1A) Using the definition:

f(x) = e^x sin x ==> f(0) = 0

f '(x) = e^x (sin x + cos x) ==> f '(0) = 1

f ''(x) = e^x (2 cos x) ==> f ''(0) = 2

f '''(x) = e^x (2 cos x - 2 sin x) ==> f '''(0) = 2.

So, P₃(x) = 0 + 1x + 2x^2/2! + 2x^3/3! = x + x^2 + x^3/3.

---------

B) Simply let x = 1/2 in the result in (A).

C) Since f ''''(x) = e^x * -4 sin x, the error bound is

|f ''''(c) * (1/2)^4/4!| for some c in (0, 1/2)

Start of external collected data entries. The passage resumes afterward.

lemma minimal_cyclic_is_simple_cycle:
  assumes "\<Union>S \<subseteq> V" and "has_cycle S" and "\<forall>S'\<subset>S. \<not> has_cycle S'"
  shows "is_simple_cycle_edges V S"
proof -
  obtain a b where ab: "a \<noteq> b" "{a, b} \<in> S" "linked (S - {{a, b}}) a b"
    using assms(2) unfolding has_cycle_def by blast
  then obtain xs where path: "rtrancl_path (adj (S - {{a, b}})) a xs b" and "distinct (a # xs)"
    by (metis rtranclp_eq_rtrancl_path rtrancl_path_distinct)
  define vs where "vs = a # xs"
  have "xs \<noteq> []"
    using path ab(1) by (auto elim: rtrancl_path.cases)
  then have last: "vs ! length xs = b"
    using rtrancl_path_last[OF path] by (simp add: vs_def last_conv_nth nth_Cons')
  have "length xs \<noteq> 1"
  proof
    assume "length xs = 1"
    then have "adj (S - {{a, b}}) a b"
      using rtrancl_path_nth[OF path, of 0] last by (simp add: vs_def)
    then show False
      by (simp add: adj_def)
  qed
  moreover have "0 < length xs"
    using \<open>xs \<noteq> []\<close> by simp
  ultimately have len: "3 \<le> length vs"
    unfolding vs_def length_Cons by linarith
  have "cycle_edge vs i \<in> S" if "i < length vs" for i
  proof (cases "i < length xs")
    case True
    then show ?thesis
      using rtrancl_path_nth[OF path True] by (simp add: adj_def cycle_edge_def vs_def)
  next
    case False
    then have "i = length xs"
      using that by (simp add: vs_def)
    then have "cycle_edge vs i = {b, a}"
      using last by (simp add: cycle_edge_def vs_def)
    then show ?thesis
      using ab(2) by (simp add: insert_commute)
  qed
  then have "cycle_edge vs ` {..<length vs} \<subseteq> S"
    by blast
  moreover have "has_cycle (cycle_edge vs ` {..<length vs})"
    using cycle_has_cycle[OF _ len] \<open>distinct (a # xs)\<close> by (simp add: vs_def)
  ultimately have S: "S = cycle_edge vs ` {..<length vs}"
    using assms(3) by (metis psubsetI)
  have "set vs \<subseteq> \<Union>(cycle_edge vs ` {..<length vs})"
    by (auto simp: in_set_conv_nth cycle_edge_def)
  then have "set vs \<subseteq> V"
    using assms(1) S by blast
  then show ?thesis
    unfolding is_simple_cycle_edges_iff
    using len \<open>distinct (a # xs)\<close> S by (intro exI[of _ vs]) (simp add: vs_def)
qed

lemma is_simple_cycle_edges_iff_minimal_cyclic:
  assumes "\<Union>S \<subseteq> V"
  shows "is_simple_cycle_edges V S \<longleftrightarrow> has_cycle S \<and> (\<forall>S'\<subset>S. \<not> has_cycle S')"
proof
  assume "is_simple_cycle_edges V S"
  then obtain vs where "distinct vs" "3 \<le> length vs" "S = cycle_edge vs ` {..<length vs}"
    unfolding is_simple_cycle_edges_iff by blast
  then show "has_cycle S \<and> (\<forall>S'\<subset>S. \<not> has_cycle S')"
    using cycle_has_cycle cycle_minimal by blast
qed (use minimal_cyclic_is_simple_cycle[OF assms] in blast)

lemma inj_on_minimal_iff:
  assumes "inj_on f A" and "K \<subseteq> A" and "\<And>K'. K' \<subseteq> K \<Longrightarrow> P K' \<longleftrightarrow> Q (f ` K')"
  shows "(\<forall>K'\<subset>K. \<not> P K') \<longleftrightarrow> (\<forall>S\<subset>f ` K. \<not> Q S)"
proof
  assume min: "\<forall>K'\<subset>K. \<not> P K'"
  show "\<forall>S\<subset>f ` K. \<not> Q S"
  proof (intro allI impI)
    fix S assume S: "S \<subset> f ` K"
    then obtain K' where K': "K' \<subseteq> K" "S = f ` K'"
      using subset_image_iff[of S f K] by blast
    with S have "K' \<subset> K"
      by blast
    then show "\<not> Q S"
      using min assms(3)[OF K'(1)] K'(2) by simp
  qed
next
  assume min: "\<forall>S\<subset>f ` K. \<not> Q S"
  show "\<forall>K'\<subset>K. \<not> P K'"
  proof (intro allI impI)
    fix K' assume K': "K' \<subset> K"
    have "f ` K' \<subset> f ` K"
      using image_strict_mono[OF inj_on_subset[OF assms(1,2)] K'] .
    then show "\<not> P K'"
      using min assms(3) K' by blast
  qed
qed

definition forces_zero :: "real list set \<Rightarrow> nat set \<Rightarrow> nat \<Rightarrow> bool" where
  "forces_zero M K k \<longleftrightarrow> (\<forall>x\<in>M. (\<forall>j\<in>K. x ! j = 0) \<longrightarrow> x ! k = 0)"

definition zero_dependent :: "real list set \<Rightarrow> nat set \<Rightarrow> bool" where
  "zero_dependent M K \<longleftrightarrow> (\<exists>k\<in>K. forces_zero M (K - {k}) k)"

definition zero_circuit :: "real list set \<Rightarrow> nat set \<Rightarrow> bool" where
  "zero_circuit M K \<longleftrightarrow> zero_dependent M K \<and> (\<forall>K'\<subset>K. \<not> zero_dependent M K')"

definition edge_set :: "('a \<times> 'a) list \<Rightarrow> nat \<Rightarrow> 'a set" where
  "edge_set E k = {fst (E ! k), snd (E ! k)}"

lemma edge_set_inj:
  assumes "ordered_graph V E"
  shows "inj_on (edge_set E) {..<length E}"
  using assms unfolding ordered_graph_def edge_set_def inj_on_def
  by (auto simp: distinct_conv_nth)

lemma meas_nth_eq_0_iff:
  "j < length E \<Longrightarrow> meas E p ! j = 0 \<longleftrightarrow> p (fst (E ! j)) = p (snd (E ! j))"
  by (simp add: meas_def)

lemma linked_imp_forces_zero:
  assumes "k < length E" and "K \<subseteq> {..<length E}"
    and "linked (edge_set E ` K) (fst (E ! k)) (snd (E ! k))"
  shows "forces_zero (meas_set E TYPE('n::finite)) K k"
  unfolding forces_zero_def meas_set_def
proof (intro ballI impI)
  fix x assume "x \<in> range (meas E :: ('a \<Rightarrow> real ^ 'n) \<Rightarrow> real list)"
  then obtain p :: "'a \<Rightarrow> real ^ 'n" where x: "x = meas E p"
    by auto
  assume zero: "\<forall>j\<in>K. x ! j = 0"
  have "p u = p w" if uw: "adj (edge_set E ` K) u w" for u w
  proof -
    obtain j where j: "j \<in> K" "{u, w} = {fst (E ! j), snd (E ! j)}"
      using uw unfolding adj_def edge_set_def by blast
    have "meas E p ! j = 0"
      using zero j(1) x by blast
    moreover have "j < length E"
      using j(1) assms(2) by auto
    ultimately have "p (fst (E ! j)) = p (snd (E ! j))"
      by (simp add: meas_nth_eq_0_iff)
    then show ?thesis
      using j(2) by (auto simp: doubleton_eq_iff)
  qed
  then have "p (fst (E ! k)) = p (snd (E ! k))"
    using assms(3) by (rule linked_invariant)
  then show "x ! k = 0"
    using assms(1) x by (simp add: meas_nth_eq_0_iff)
qed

= (4e^c sin c) * (1/16) / 4!

= e^c sin c / 96

< e^(1/2) * 1/96

= e^(1/2)/96.

----------------------

2A) Use the Ratio Test.

r = lim(n→∞) |[(-1)^(n+1) x^(n+1) / (5n+7)] / [(-1)^n x^n/(5n+1)]|

..= |x| * lim(n→∞) (5n+1)/(5n+7)

..= |x|.

So, this series converges (at least) for |x| < 1.

Check the endpoints:

x = -1 ==> Σ 1/(5n+1); divergent by Integral Test.

x = 1 ==> Σ (-1)^n/(5n+1); convergent by Alternating Series Test ({1/(5n+1)} is a decreasing sequence which converges to 0).

So, the domain is [-1, 1).

B) The notation is confusing...

C) Since f(x) = Σ(n=0 to ∞) (-1)^n x^n/(5n+1), integrating from 0 to 1/2 yields

∫(x = 0 to 1/2) f(x) dx

= Σ(n=0 to ∞) (-1)^n (1/2)^(n+1)/[(n+1)(5n+1)].

= Σ(n=0 to ∞) (-1)^n / [2^(n+1) * (n+1)(5n+1)]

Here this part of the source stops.